Malcom (and David)
Johan Norberg my favorite Swede has a great article Entrepreneurs are the Heroes of this World in the latest Cato Institute news letter.
Go read the whole thing but in particular check out the story in it about Malcom McLean. Malcom was a definite Extra Eagle. Wikipedia says:
In 1937, McLean was delivering lumber from North Carolina to New Jersey. While sitting on a dock waiting for his truck to be unloaded onto a ship, he was watching other trucks being unloaded. Every crate on every truck had to be unloaded, put in a sling and hoisted up and then down into the hold of the ship. There, more stevedores took it off the sling and made sure it was properly stowed. This method is called”break-bulk shipping”. It was slow and labour intensive, and there was lots of pilferage and accidents. McLean first conceived the idea of using the entire truck trailer itself to load onto and off of a ship. McLean could not develop the idea further because the Interstate Commerce Commission did not, at the time, allow truckers to own shipping companies.
So let’s see. Malcom saw a really stupid way of doing something that was protected by special interests. He immediately saw what for him was an obvious solution, but had to fight to get it through.
This reminds me an awful lot of enterprise software development vs small agile teams using for example Ruby on Rails. As a matter of fact there is a direct parallel between Malcom’s story and many other heroic entrepreneurs.

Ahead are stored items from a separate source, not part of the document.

(* Let $I$ be a set. Let $T_1,T_2$ be nonempty $I$-colored binary plane trees and let $v$ be a vertex of $T_1$. Then the multiset $\mathsf{IF}(\nabla_v(T_1,T_2))$ of insertion factors of the insertion $\nabla_v(T_1,T_2)$ is the multiset union of $\mathsf{IF}(T_1)$ and $\mathsf{IF}(T_2)$.
   Context: A binary plane tree is a rooted tree in which each child of a vertex is designated as a left child or a right child, and no vertex has more than one left child or more than one right child; trees are considered up to isomorphism, and the empty tree $\varnothing$ is allowed. The left (right) subtree of a vertex is the subtree rooted at its left (right) child. A branch is a nonempty binary plane tree in which every vertex has at most one child. Let $\boxminus$ be a special symbol not a vertex of any tree. An $I$-coloring of a binary plane tree $T$ is a function $\chi\colon T\sqcup\{\boxminus\}\to I$ (here $T$ also denotes its vertex set); an $I$-colored binary plane tree is a binary plane tree together with an $I$-coloring. Insertion: for nonempty $I$-colored trees $T_1,T_2$ with colorings $\chi_1,\chi_2$ and a vertex $v$ of $T_1$, the tree $\nabla_v(T_1,T_2)$ is formed as follows: replace $v$ by a left edge, i.e. create a new vertex $v^*$ that takes the place of $v$ in $T_1$ (attached to $v$'s former parent on the same side), and make $v$ (with its subtrees) the left child of $v^*$; then attach $T_2$ as the right subtree of $v^*$. Its coloring $\chi$ satisfies $\chi(u)=\chi_1(u)$ for $u\in T_1\sqcup\{\boxminus\}$, $\chi(u')=\chi_2(u')$ for $u'\in T_2$, and $\chi(v^* )=\chi_2(\boxminus)$. Insertion factors: for a nonempty $I$-colored tree $T$, let $\Lambda_T$ consist of $\boxminus$ together with the vertices of $T$ having two children. Define $\gamma\colon T\cup\{\boxminus\}\to\Lambda_T$ by: $\gamma(u)=u$ if $u\in\Lambda_T$; otherwise, if some vertex $w\in\Lambda_T\setminus\{\boxminus\}$ has $u$ in its right subtree, $\gamma(u)$ is the lowest (deepest) such $w$; otherwise $\gamma(u)=\boxminus$. For $v\in\Lambda_T$, the tree $T_v$ has vertex set $\gamma^{-1}(v)\setminus\{v\}$, where for $u,w$ in this set, $w$ is a left (resp. right) child of $u$ in $T_v$ iff $w$ lies in the left (resp. right) subtree of $u$ in $T$ and no element of $\gamma^{-1}(v)$ lies strictly between $u$ and $w$ on the path in $T$; each such vertex keeps its color from $T$, and $\boxminus$ in $T_v$ is given the color of $v$ in $T$ (the color of $\boxminus$ in $T$ if $v=\boxminus$). Each $T_v$ is an $I$-colored branch, and the multiset of the $T_v$ ($v\in\Lambda_T$), taken up to isomorphism of $I$-colored trees, is denoted $\mathsf{IF}(T)$. *)

theory Defs
  imports "HOL-Library.Tree" "HOL-Library.Multiset" "HOL-Library.Sublist"
begin
lemma real_C2_add:
  fixes op :: "'s \<Rightarrow> ('m::finite \<Rightarrow> 'a) \<Rightarrow> ('m \<Rightarrow> 'a)"
  assumes F: "real_C1 \<omega> op k F" "real_C2 \<omega> op k F" and G: "real_C1 \<omega> op k G" "real_C2 \<omega> op k G"
  shows "real_C2 \<omega> op k (\<lambda>v. F v + G v)"
  unfolding real_C2_def
proof (intro allI impI)
  fix z :: "'m \<Rightarrow> 'a list" and i assume "in_dom_m k (\<lambda>v. F v + G v) z"
  have nm: "no_minf_on k F" "no_minf_on k G" and cl: "dom_closed \<omega> op k F" "dom_closed \<omega> op k G"
    using F G by (auto simp: real_C1_def)
  have dF: "in_dom_m k F z" and dG: "in_dom_m k G z"
    using \<open>in_dom_m k (\<lambda>v. F v + G v) z\<close> in_dom_m_add[OF nm] by auto
  have "(\<Sum>s\<in>set_pmf \<omega>. pmf \<omega> s * real_of_ereal (F (app k (op s) z i) + G (app k (op s) z i)))
      = (\<Sum>s\<in>set_pmf \<omega>. pmf \<omega> s * real_of_ereal (F (app k (op s) z i)))
        + (\<Sum>s\<in>set_pmf \<omega>. pmf \<omega> s * real_of_ereal (G (app k (op s) z i)))"
    unfolding sum.distrib[symmetric] using cl dF dG
    by (intro sum.cong) (auto simp: dom_closed_def real_of_ereal_add_on_dom[OF nm] distrib_left)
  also have "\<dots> \<le> real_mean_others F z i + real_mean_others G z i"
    using F G dF dG by (intro add_mono) (auto simp: real_C2_def)
  also have "\<dots> = real_mean_others (\<lambda>v. F v + G v) z i"
    using real_mean_others_add[OF nm dF dG] by simp
  finally show "(\<Sum>s\<in>set_pmf \<omega>. pmf \<omega> s * real_of_ereal (F (app k (op s) z i) + G (app k (op s) z i)))
      \<le> real_mean_others (\<lambda>v. F v + G v) z i" .
qed

lemma real_C1_scope:
  fixes op :: "'s \<Rightarrow> ('m::finite \<Rightarrow> 'a) \<Rightarrow> ('m \<Rightarrow> 'a)"
  assumes sc: "\<forall>j\<in>set sc. j < N" and c: "real_C1 \<omega> op (length sc) c"
  shows "real_C1 \<omega> op N (\<lambda>v. c (map (\<lambda>j. v ! j) sc))" (is "real_C1 \<omega> op N ?F")
proof -
  define restr where "restr z = (\<lambda>i. map (\<lambda>j. z i ! j) sc)" for z :: "'m \<Rightarrow> 'a list"
  have F_eq: "?F (z i) = c (restr z i)" for z i
    by (simp add: restr_def)
  have restr_app: "restr (app N g z) = app (length sc) g (restr z)" for g z
    by (simp add: restr_def fun_eq_iff map_nth_app[OF sc])
  have dom: "in_dom_m N ?F z \<longleftrightarrow> in_dom_m (length sc) c (restr z) \<and> (\<forall>i. length (z i) = N)" for z
    by (auto simp: in_dom_m_def restr_def)
  have nm: "no_minf_on N ?F"
    using c by (simp add: real_C1_def no_minf_on_def)
  have cl: "dom_closed \<omega> op N ?F"
    using c by (auto simp: real_C1_def dom_closed_def dom restr_app)
  have "(\<Sum>s\<in>set_pmf \<omega>. pmf \<omega> s * real_sum ?F (app N (op s) z)) \<le> real_sum ?F z"
    if "in_dom_m N ?F z" for z
    using c that by (simp add: real_C1_def real_sum_def F_eq restr_app dom)
  then show ?thesis
    using nm cl by (simp add: real_C1_def)
qed
lemma mtrace_mult_le_weighted:
  assumes X: "X \<in> carrier_mat n n" "hermitian X" and S: "unitary n S" "hermitian S"
    and t: "\<And>i. i < n \<Longrightarrow> 0 \<le> t i"
    and zero: "\<And>i j. i < n \<Longrightarrow> j < n \<Longrightarrow> t i = 0 \<or> t j = 0 \<Longrightarrow> X $$ (i,j) = 0"
  defines "D \<equiv> real_diag n (inv_sqrt \<circ> t)"
  shows "Re (mtrace (X * S)) \<le> sqrt (Re (mtrace (X * D * X * D))) * sqrt (\<Sum>i<n. t i)"
proof -
  have Sc: "S \<in> carrier_mat n n" using S(1) by (rule unitary_carrier)
  define I where "I = {..<n} \<times> {..<n}"
  define x where "x = (\<lambda>(i,j). cmod (X $$ (i,j)) * sqrt (inv_sqrt (t i) * inv_sqrt (t j)))"
  define y where "y = (\<lambda>(i,j). cmod (S $$ (j,i)) * sqrt (sqrt (t i) * sqrt (t j)))"
  have xy: "cmod (X $$ (i,j)) * cmod (S $$ (j,i)) = x (i,j) * y (i,j)" if "i < n" "j < n" for i j
  proof (cases "t i = 0 \<or> t j = 0")
    case True
    then show ?thesis using zero[OF that] by (simp add: x_def y_def)
  next
    case False
    then have "t i > 0" "t j > 0" using t that by force+
    then have "sqrt (inv_sqrt (t i) * inv_sqrt (t j)) * sqrt (sqrt (t i) * sqrt (t j)) = 1"
      by (simp add: inv_sqrt_def real_sqrt_mult[symmetric])
    then show ?thesis by (simp add: x_def y_def algebra_simps)
  qed
  have "Re (mtrace (X * S)) \<le> (\<Sum>i<n. \<Sum>j<n. cmod (X $$ (i,j)) * cmod (S $$ (j,i)))"
    by (rule Re_mtrace_mult_le[OF X(1) Sc])
  also have "\<dots> = (\<Sum>i<n. \<Sum>j<n. x (i,j) * y (i,j))"
    by (intro sum.cong refl) (simp add: xy)
  also have "\<dots> = (\<Sum>p\<in>I. \<bar>x p\<bar> * \<bar>y p\<bar>)"
    unfolding I_def sum.cartesian_product using t by (intro sum.cong refl) (auto simp: x_def y_def)
  also have "\<dots> \<le> L2_set x I * L2_set y I"
    by (rule L2_set_mult_ineq)
  finally have "Re (mtrace (X * S)) \<le> L2_set x I * L2_set y I" .
  moreover have "L2_set x I = sqrt (Re (mtrace (X * D * X * D)))"
    unfolding L2_set_def D_def mtrace_hermitian_diag_square[OF X]
    by (simp add: I_def x_def sum.cartesian_product power_mult_distrib split_def)
  moreover have "L2_set y I \<le> sqrt (\<Sum>i<n. t i)"
    unfolding y_def I_def by (rule L2_set_hermitian_unitary_weighted_le[OF S t])
  ultimately show ?thesis using L2_set_nonneg[of x I] by (metis mult_left_mono order_trans)
qed

lemma trace_norm_unitary_conj:
  assumes X: "X \<in> carrier_mat n n" "hermitian X" and W: "unitary n W"
  shows "trace_norm n (mat_adjoint W * X * W) = trace_norm n X"
proof -
  obtain V l where V: "unitary n V" and Xeq: "X = V * real_diag n l * mat_adjoint V"
    using hermitian_spectral[OF X] by blast
  have "mat_adjoint W * X * W =
      (mat_adjoint W * V) * real_diag n l * mat_adjoint (mat_adjoint W * V)"
    using conj_mult_conj[OF mat_adjoint_carrier[OF unitary_carrier[OF W]] unitary_carrier[OF V]
        mat_diag_dim, of "\<lambda>i. complex_of_real (l i)"]
    by (simp add: Xeq)
  then show ?thesis
    using trace_norm_unitary_diag[OF unitary_mult[OF unitary_adjoint[OF W] V]]
      trace_norm_unitary_diag[OF V Xeq] by simp
qed

lemma trace_norm_le_weighted_diag:
  assumes X: "X \<in> carrier_mat n n" "hermitian X" and t: "\<And>i. i < n \<Longrightarrow> 0 \<le> t i"
    and zero: "\<And>i j. i < n \<Longrightarrow> j < n \<Longrightarrow> t i = 0 \<or> t j = 0 \<Longrightarrow> X $$ (i,j) = 0"
  defines "D \<equiv> real_diag n (inv_sqrt \<circ> t)"
  shows "trace_norm n X \<le> sqrt (Re (mtrace (X * D * X * D))) * sqrt (\<Sum>i<n. t i)"
proof -
  obtain S where "S \<in> carrier_mat n n" and S: "hermitian S" "unitary n S"
    and tn: "Re (mtrace (X * S)) = trace_norm n X"
    using trace_norm_eq_mtrace_sign[OF X] by blast
  have "Re (mtrace (X * S)) \<le> sqrt (Re (mtrace (X * D * X * D))) * sqrt (\<Sum>i<n. t i)"
    unfolding D_def by (rule mtrace_mult_le_weighted[OF X S(2,1) t zero])
  then show ?thesis using tn by simp
qed

lemma trace_norm_le_weighted:
  assumes X: "X \<in> carrier_mat n n" "hermitian X" and W: "unitary n W"
    and t: "\<And>i. i < n \<Longrightarrow> 0 \<le> t i"
    and zero: "\<And>i j. i < n \<Longrightarrow> j < n \<Longrightarrow> t i = 0 \<Longrightarrow> (mat_adjoint W * X * W) $$ (i,j) = 0"
  defines "M \<equiv> W * real_diag n t * mat_adjoint W"
  shows "trace_norm n X \<le> sqrt (Re (mtrace (X * pinv_sqrt n M * X * pinv_sqrt n M))) * sqrt (Re (mtrace M))"
proof -
  have Wc: "W \<in> carrier_mat n n" using W by (rule unitary_carrier)
  define X' where "X' = mat_adjoint W * X * W"
  define D where "D = real_diag n (inv_sqrt \<circ> t)"
  have X'c: "X' \<in> carrier_mat n n"
    unfolding X'_def using X(1) Wc by (meson mat_adjoint_carrier mult_carrier_mat)
  have hX': "hermitian X'" unfolding X'_def by (rule hermitian_conj[OF X(1) Wc X(2)])
  have zero': "X' $$ (i,j) = 0" if "i < n" "j < n" "t i = 0 \<or> t j = 0" for i j
    using that zero[of i j] zero[of j i] hermitian_index[OF X'c hX', of i j] by (auto simp: X'_def)
  have XW: "X = W * X' * mat_adjoint W"
    unfolding X'_def by (rule unitary_conj_inverse[OF W X(1), symmetric])
  have "pinv_sqrt n M = W * D * mat_adjoint W"
    unfolding D_def M_def by (rule pinv_sqrt_unitary_diag[OF W refl])
  then have "X * pinv_sqrt n M * X * pinv_sqrt n M = W * (X' * D * X' * D) * mat_adjoint W"
    using X'c by (simp add: XW D_def unitary_conj_mult[OF W] mult_carrier_mat[of _ n n _ n])
  then have tr: "mtrace (X * pinv_sqrt n M * X * pinv_sqrt n M) = mtrace (X' * D * X' * D)"
    using mtrace_unitary_conj[OF unitary_adjoint[OF W], of "X' * D * X' * D"] X'c
    by (simp add: D_def mult_carrier_mat[of _ n n _ n])
  have tM: "Re (mtrace M) = (\<Sum>i<n. t i)"
    unfolding M_def by (simp add: mtrace_unitary_diag[OF W])
  have tn: "trace_norm n X = trace_norm n X'"
    unfolding X'_def by (rule trace_norm_unitary_conj[OF X W, symmetric])
  have "trace_norm n X' \<le> sqrt (Re (mtrace (X' * D * X' * D))) * sqrt (\<Sum>i<n. t i)"
    unfolding D_def by (rule trace_norm_le_weighted_diag[OF X'c hX' t zero'])
  then show ?thesis by (simp only: tr tM tn)
qed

An example that most of os web entrepreneurs know well is the David and Rails story. He saw the stupidity of the world of enterprise development and new there was a better way. I could find a lot more parallels between Malcom and David’s story, but I’ll leave that as a creative exercise for the readers.
Just look around your house or office. Very little of what you see would have been there if it wasn’t for Malcom deciding it was idiotic to wait for people unloading trucks and loading individual items one by one onto a ship.
In the same way many of the newer services you use today and in the future would probably not have existed if it wasn’t for David’s annoyance of repetitive J2EE (Java Enterprise Environment) configuration and coding.
Moral of the story, get annoyed and change the world.